Every interaction with a large language model happens within a context window — a finite amount of text the model can process at once. Understanding this constraint is fundamental to designing AI applications that work reliably.
What a context window is
When you interact with a language model, the model does not have any persistent memory between conversations. What it can "see" is entirely determined by what is included in the current context window.
The context window contains everything: your system prompt, the conversation history, any retrieved documents you have included, and the current message. All of this is processed together in a single forward pass through the model.
Context windows are measured in tokens — the sub-word units that models process. As a rough approximation, one token is about three-quarters of an English word. A 128,000-token context window can hold roughly 96,000 words — approximately the length of a novel.
Why context windows matter
Everything you need must fit: If relevant context exceeds the window size, some of it must be left out. This is a fundamental constraint for applications that need to reason over large bodies of text.
Cost scales with context size: Most LLM providers charge per token. A longer context means higher cost per call. For high-volume applications, this is significant.
Attention and the "lost in the middle" problem: Research has shown that language models attend unevenly to context — information at the beginning and end of the context window tends to be recalled better than information in the middle. For very long contexts, important information buried in the middle may be effectively ignored.
Latency scales with context: Larger contexts require more computation. Time-to-first-token increases with context length.
How context windows have changed
Context windows have grown dramatically over recent years:
- GPT-3 (2020): 4,096 tokens
- GPT-4 (2023): 8,192 → 128,000 tokens
- Claude 3 (2024): 200,000 tokens
- Gemini 1.5 Pro (2024): 1,000,000 tokens
This growth enables new use cases — processing entire codebases, books, or document collections in a single context. But it does not eliminate the "lost in the middle" problem or the cost implications.
Strategies for working within context limits
Chunking and retrieval: Rather than including all available information, use RAG to retrieve only the most relevant pieces. This keeps the context focused and reduces cost.
Summarization: Summarize conversation history or long documents before including them in the context. Trade completeness for conciseness.
Prioritized placement: Put the most important information at the beginning or end of the context, where models tend to attend to it more reliably.
Token budgeting: Track how many tokens different parts of your prompt use. Reserve tokens for the model's response.

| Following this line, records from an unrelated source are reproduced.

(* Let $c:[0,\infty)\to\mathbb{R}$ be continuous and strictly increasing, and let $\lambda\mapsto\epsilon_\lambda\in(0,1]$ satisfy $\lim_{\lambda\to\infty}\epsilon_\lambda=\epsilon\in(0,1)$. For $\lambda>0$ let $\beta^F_\lambda$ be the optimal solution of $\min_{\beta\ge0}c(\beta)$ subject to $\tilde\alpha(\beta,\lambda)\le\epsilon_\lambda$, and let $\beta^G_\lambda$ be the optimal solution of $\min_{\beta\ge0}c(\beta)$ subject to $UB(\beta,\lambda)\le\epsilon_\lambda$. Then $\beta^G_\lambda\ge\beta^F_\lambda$ for all $\lambda>0$, and there is a finite $\beta^*$ with $\lim_{\lambda\to\infty}\beta^G_\lambda=\lim_{\lambda\to\infty}\beta^F_\lambda=\beta^*$.
   Context: $\phi,\Phi$ are the standard normal density and distribution function. For $\lambda>0$ and real $n\ge 0$, $\bar\alpha(n,\lambda)=\min\Big\{1,\big[\lambda\int_0^\infty t e^{-\lambda t}(1+t)^{n-1}\,dt\big]^{-1}\Big\}$ is the continuous Erlang-C function, and $\tilde\alpha(\beta,\lambda)=\bar\alpha(\lambda+\beta\sqrt\lambda,\lambda)$. For $\lambda>0,\beta\ge 0$ set $n=\lambda+\beta\sqrt{\lambda}$, $\rho=\lambda/n$, $a=\sqrt{-2n(1-\rho+\ln\rho)}$, $\gamma=(n-\lambda)/\sqrt{n}$, and $UB(\beta,\lambda)=\left[\rho+\gamma\left(\frac{\Phi(a)}{\phi(a)}+\frac{2}{3\sqrt{n}}\right)\right]^{-1}$. It is known (Janssen, van Leeuwaarden and Zwart) that $\tilde\alpha(\beta,\lambda)\le UB(\beta,\lambda)$ for all $\lambda,\beta>0$, and that $\lim_{\lambda\to\infty}UB(\beta,\lambda)=\alpha_{HW}(\beta):=\big(1+\sqrt{2\pi}\,\beta\,\Phi(\beta)e^{\beta^2/2}\big)^{-1}$ for each $\beta>0$. *)

theory Defs
  imports "HOL-Analysis.Analysis"
begin

definition std_phi :: "real \<Rightarrow> real" where
  "std_phi x = exp (- (x^2) / 2) / sqrt (2 * pi)"

definition std_Phi :: "real \<Rightarrow> real" where
  "std_Phi x = (LBINT t:{..x}. std_phi t)"

definition erlangC :: "real \<Rightarrow> real \<Rightarrow> real" where
  "erlangC n lam = min 1 (inverse (lam * (LBINT t:{0..}. t * exp (- lam * t) * (1 + t) powr (n - 1))))"

definition alpha_tilde :: "real \<Rightarrow> real \<Rightarrow> real" where
  "alpha_tilde \<beta> lam = erlangC (lam + \<beta> * sqrt lam) lam"

definition UB :: "real \<Rightarrow> real \<Rightarrow> real" where
  "UB \<beta> lam =
    (let n = lam + \<beta> * sqrt lam;
         \<rho> = lam / n;
         a = sqrt (- 2 * n * (1 - \<rho> + ln \<rho>));
         \<gamma> = (n - lam) / sqrt n
     in inverse (\<rho> + \<gamma> * (std_Phi a / std_phi a + 2 / (3 * sqrt n))))"

end

theory Submission
  imports Defs "HOL-Probability.Distributions" "HOL-Probability.Sinc_Integral" "HOL-Real_Asymp.Real_Asymp"
begin

text \<open>For \<open>lam \<le> n\<close> the Erlang integral \<open>lam * \<integral>\<^sub>0\<^sup>\<infinity> t exp (- lam t) (1 + t) powr (n - 1) dt\<close>
  lies between two closed forms. Substituting \<open>u = lam (1 + t) / n\<close> and then the signed root \<open>w\<close> of
  \<open>2 (u - 1 - ln u)\<close> makes the integrand Gaussian in \<open>w\<close>; elementary bounds on \<open>dw/du\<close> yield
  explicit functions whose derivatives lie below resp. above the integrand. The lower closed form is
  \<open>1 / UB\<close>, so \<open>alpha_tilde \<le> UB\<close>: every \<open>UB\<close>-feasible level is \<open>alpha_tilde\<close>-feasible, whence
  \<open>betaF \<le> betaG\<close>. For \<open>n = lam + b sqrt lam\<close> both closed forms tend to \<open>1 / alpha_HW b\<close>, so
  \<open>alpha_tilde b\<close> and \<open>UB b\<close> tend to the strictly decreasing \<open>alpha_HW b\<close>. If \<open>alpha_HW bs = e\<close>,
  then eventually every \<open>b > bs\<close> is \<open>UB\<close>-feasible and every \<open>b < bs\<close> is \<open>alpha_tilde\<close>-infeasible,
  which squeezes \<open>betaF \<le> betaG\<close> towards \<open>bs\<close>.\<close>

section \<open>The standard normal distribution\<close>

lemma std_phi_eq_std_normal_density: "std_phi = std_normal_density"
  by (simp add: fun_eq_iff std_phi_def std_normal_density_def)

lemma std_phi_pos: "0 < std_phi x"
  by (simp add: std_phi_def)

lemma continuous_on_std_phi: "continuous_on A std_phi"
  unfolding std_phi_def by (intro continuous_intros) auto
(* Let $V=L^2(\mathbb R)\times L^2(\mathbb R)$ (real), $\rho(x)=\{2\tanh^2(x/2)-1\}/4$, $\kappa(x)=\mathrm{sech}(x/2)$, and let $A$ be the operator $A(\phi,\psi)=(\phi''-\psi-\rho\phi,\ \psi''+\phi-\rho\psi)$ with domain $U=H^2(\mathbb R)\times H^2(\mathbb R)$; let $A_c$ be its complex-linear extension (domain $U_c$). Then (i) $A_c-i$ (from $U_c$ to $V_c$) is a Fredholm operator of index $0$; (ii) $\mathcal N(A_c-i)=\mathrm{span}\{\psi_\star\}$, where $\psi_\star=(\kappa,-i\kappa)$. *)

theory Defs
  imports "HOL-Analysis.Analysis"
begin

text \<open>V_c = L2 x L2 is represented by representatives (equality in V_c is a.e. equality);
  U_c = H2 x H2 is represented by the unique C^1 representatives.\<close>

type_synonym cpair = "(real \<Rightarrow> complex) \<times> (real \<Rightarrow> complex)"

definition L2 :: "(real \<Rightarrow> complex) \<Rightarrow> bool" where
  "L2 f \<longleftrightarrow> f \<in> borel_measurable lebesgue \<and> integrable lebesgue (\<lambda>x. (norm (f x))^2)"

definition weak_dd :: "(real \<Rightarrow> complex) \<Rightarrow> (real \<Rightarrow> complex) \<Rightarrow> (real \<Rightarrow> complex) \<Rightarrow> bool" where
  "weak_dd f f1 f2 \<longleftrightarrow> (\<forall>x. (f has_vector_derivative f1 x) (at x)) \<and>
     (\<forall>a b. a \<le> b \<longrightarrow> (f2 has_integral (f1 b - f1 a)) {a..b})"

definition H2 :: "(real \<Rightarrow> complex) \<Rightarrow> bool" where
  "H2 f \<longleftrightarrow> L2 f \<and> (\<exists>f1 f2. weak_dd f f1 f2 \<and> L2 f1 \<and> L2 f2)"

definition Vc :: "cpair set" where
  "Vc = {v. L2 (fst v) \<and> L2 (snd v)}"

definition Uc :: "cpair set" where
  "Uc = {u. H2 (fst u) \<and> H2 (snd u)}"

definition rho :: "real \<Rightarrow> real" where
  "rho x = (2 * (tanh (x/2))^2 - 1) / 4"

definition kappa :: "real \<Rightarrow> real" where
  "kappa x = 1 / cosh (x/2)"

text \<open>Graph of A_c - i : U_c \<rightarrow> V_c, where
  A(\<phi>,\<psi>) = (\<phi>'' - \<psi> - \<rho>\<phi>, \<psi>'' + \<phi> - \<rho>\<psi>); the image is determined up to a.e. equality.\<close>
definition Ac_minus_i :: "cpair \<Rightarrow> cpair \<Rightarrow> bool" where
  "Ac_minus_i u v \<longleftrightarrow> u \<in> Uc \<and> v \<in> Vc \<and>
     (\<exists>\<phi>1 \<phi>2 \<psi>1 \<psi>2. weak_dd (fst u) \<phi>1 \<phi>2 \<and> weak_dd (snd u) \<psi>1 \<psi>2 \<and>
        (AE x in lebesgue.
           fst v x = \<phi>2 x - snd u x - complex_of_real (rho x) * fst u x - \<i> * fst u x \<and>
           snd v x = \<psi>2 x + fst u x - complex_of_real (rho x) * snd u x - \<i> * snd u x))"

definition zero_pair :: cpair where
  "zero_pair = (\<lambda>_. 0, \<lambda>_. 0)"

definition op_kernel :: "(cpair \<Rightarrow> cpair \<Rightarrow> bool) \<Rightarrow> cpair set" where
  "op_kernel T = {u. T u zero_pair}"

definition op_range :: "(cpair \<Rightarrow> cpair \<Rightarrow> bool) \<Rightarrow> cpair set" where
  "op_range T = {v. \<exists>u. T u v}"

definition lincomb :: "(nat \<Rightarrow> complex) \<Rightarrow> (nat \<Rightarrow> cpair) \<Rightarrow> nat \<Rightarrow> cpair" where
  "lincomb c b n = (\<lambda>x. \<Sum>j<n. c j * fst (b j) x, \<lambda>x. \<Sum>j<n. c j * snd (b j) x)"

definition has_dim :: "cpair set \<Rightarrow> nat \<Rightarrow> bool" where
  "has_dim S n \<longleftrightarrow> (\<exists>b. (\<forall>j<n. b j \<in> S) \<and> (\<forall>u\<in>S. \<exists>c. u = lincomb c b n) \<and>
      (\<forall>c. lincomb c b n = zero_pair \<longrightarrow> (\<forall>j<n. c j = 0)))"

text \<open>R (closed under a.e. equality within V) has codimension m in V = V_c,
   i.e. dim (V / R) = m, where V is taken modulo a.e. equality\<close>
definition has_codim :: "cpair set \<Rightarrow> cpair set \<Rightarrow> nat \<Rightarrow> bool" where
  "has_codim R V m \<longleftrightarrow> (\<exists>e. (\<forall>j<m. e j \<in> V) \<and>
      (\<forall>v\<in>V. \<exists>c. \<exists>r\<in>R. AE x in lebesgue.
          fst v x = fst r x + fst (lincomb c e m) x \<and> snd v x = snd r x + snd (lincomb c e m) x) \<and>
      (\<forall>c. lincomb c e m \<in> R \<longrightarrow> (\<forall>j<m. c j = 0)))"

definition l2dist2 :: "cpair \<Rightarrow> cpair \<Rightarrow> real" where
  "l2dist2 u v = integral\<^sup>L lebesgue
     (\<lambda>x. (norm (fst u x - fst v x))^2 + (norm (snd u x - snd v x))^2)"

definition L2_closed :: "cpair set \<Rightarrow> cpair set \<Rightarrow> bool" where
  "L2_closed R V \<longleftrightarrow> (\<forall>v\<in>V. \<forall>s. (\<forall>n. s n \<in> R) \<and> (\<lambda>n. l2dist2 (s n) v) \<longlonglongrightarrow> 0 \<longrightarrow> v \<in> R)"

definition fredholm :: "(cpair \<Rightarrow> cpair \<Rightarrow> bool) \<Rightarrow> cpair set \<Rightarrow> cpair set \<Rightarrow> bool" where
  "fredholm T U V \<longleftrightarrow> (\<forall>u v. T u v \<longrightarrow> u \<in> U \<and> v \<in> V) \<and>
     (\<exists>n. has_dim (op_kernel T) n) \<and> L2_closed (op_range T) V \<and>
     (\<exists>m. has_codim (op_range T) V m)"

definition fredholm_index :: "(cpair \<Rightarrow> cpair \<Rightarrow> bool) \<Rightarrow> cpair set \<Rightarrow> int \<Rightarrow> bool" where
  "fredholm_index T V k \<longleftrightarrow> (\<exists>n m. has_dim (op_kernel T) n \<and> has_codim (op_range T) V m \<and>
      k = int n - int m)"

end

theory Submission
  imports Defs "HOL-Real_Asymp.Real_Asymp"
begin

text \<open>
  The substitution \<open>w\<^sub>\<plusminus> = \<phi> \<plusminus> i \<psi>\<close> turns \<open>A\<^sub>c - i\<close> into the two scalar operators
  \<open>w \<mapsto> w'' - \<rho> w\<close> and \<open>w \<mapsto> w'' - (\<rho> + 2i) w\<close>.  Since \<open>\<kappa>'' = \<rho> \<kappa>\<close>, the first one
  annihilates \<open>\<kappa>\<close>; a Wronskian argument shows that \<open>\<kappa>\<close> spans its \<open>L\<^sup>2\<close> kernel and that
  \<open>\<langle>\<kappa>, h\<rangle> = 0\<close> is necessary for \<open>w'' - \<rho> w = h\<close>.  For the second one \<open>Im (conj w w')\<close> is
  non-decreasing, so its kernel is trivial.  Both equations are solved in \<open>H\<^sup>2\<close> by reduction of
  order, using \<open>\<kappa>\<close> and the Jost solution \<open>(tanh (x/2) + k) e\<^sup>-\<^sup>k\<^sup>x\<^sup>/\<^sup>2\<close> (\<open>k\<^sup>2 = 1 + 8i\<close>);
  every quantity involved is dominated by a convolution of the data with a multiple of \<open>\<kappa>\<close>,
  which maps \<open>L\<^sup>2\<close> into \<open>L\<^sup>2\<close>.  So the kernel of \<open>A\<^sub>c - i\<close> is spanned by \<open>(\<kappa>, -i\<kappa>)\<close> and
  its range is the closed hyperplane \<open>\<langle>\<kappa>, v\<^sub>1 + i v\<^sub>2\<rangle> = 0\<close>, of codimension one.
\<close>

definition tau :: "real \<Rightarrow> real" where
  "tau x = tanh (x / 2)"

definition dkappa :: "real \<Rightarrow> real" where
  "dkappa x = - tau x * kappa x / 2"

definition ckappa :: "real \<Rightarrow> complex" where
  "ckappa x = complex_of_real (kappa x)"

lemma kappa_pos: "kappa x > 0"
  by (simp add: kappa_def)

lemma kappa_nonneg [simp]: "0 \<le> kappa x"
  using kappa_pos[of x] by simp

lemma kappa_le_1: "kappa x \<le> 1"
  using cosh_real_ge_1[of "x / 2"] by (simp add: kappa_def)

lemma kappa_minus: "kappa (- x) = kappa x"
  by (simp add: kappa_def)

lemma ckappa_nonzero: "ckappa x \<noteq> 0"
  using kappa_pos[of x] by (simp add: ckappa_def)

lemma tau_sq_plus_kappa_sq: "tau x ^ 2 + kappa x ^ 2 = 1"
  unfolding tau_def kappa_def
  by (smt (verit, ccfv_threshold) add_divide_distrib cosh_square_eq
    divide_self_if power_divide sum_power2_eq_zero_iff tanh_def)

Use counting libraries (like tiktoken for OpenAI models) to avoid unexpected truncation.
Sliding window: For very long documents, use a sliding window — process overlapping chunks and combine results.
Truncation and its risks
When a context exceeds the window limit, one of two things happens:
- The API returns an error
- The context is silently truncated
Silent truncation is dangerous because you may not notice that critical information was dropped. Always check the length of your context before sending it.
The future
Context windows continue to grow, but so do use cases. The fundamental trade-off — more context means more cost, more latency, and potentially more attention dilution — will remain relevant even as the absolute limits increase.
Retrieval approaches that intelligently select what to include will remain valuable even with much larger windows, because they focus the model's attention on what is relevant rather than flooding the context with everything available.
Summary
The context window is the total amount of text a language model can process in a single interaction. Everything the model can "see" must fit within it. Context windows are measured in tokens, and costs, latency, and attention quality all degrade with increasing context length. Key strategies for working within context limits include RAG-based retrieval, summarization, careful placement of important information, and explicit token budget management.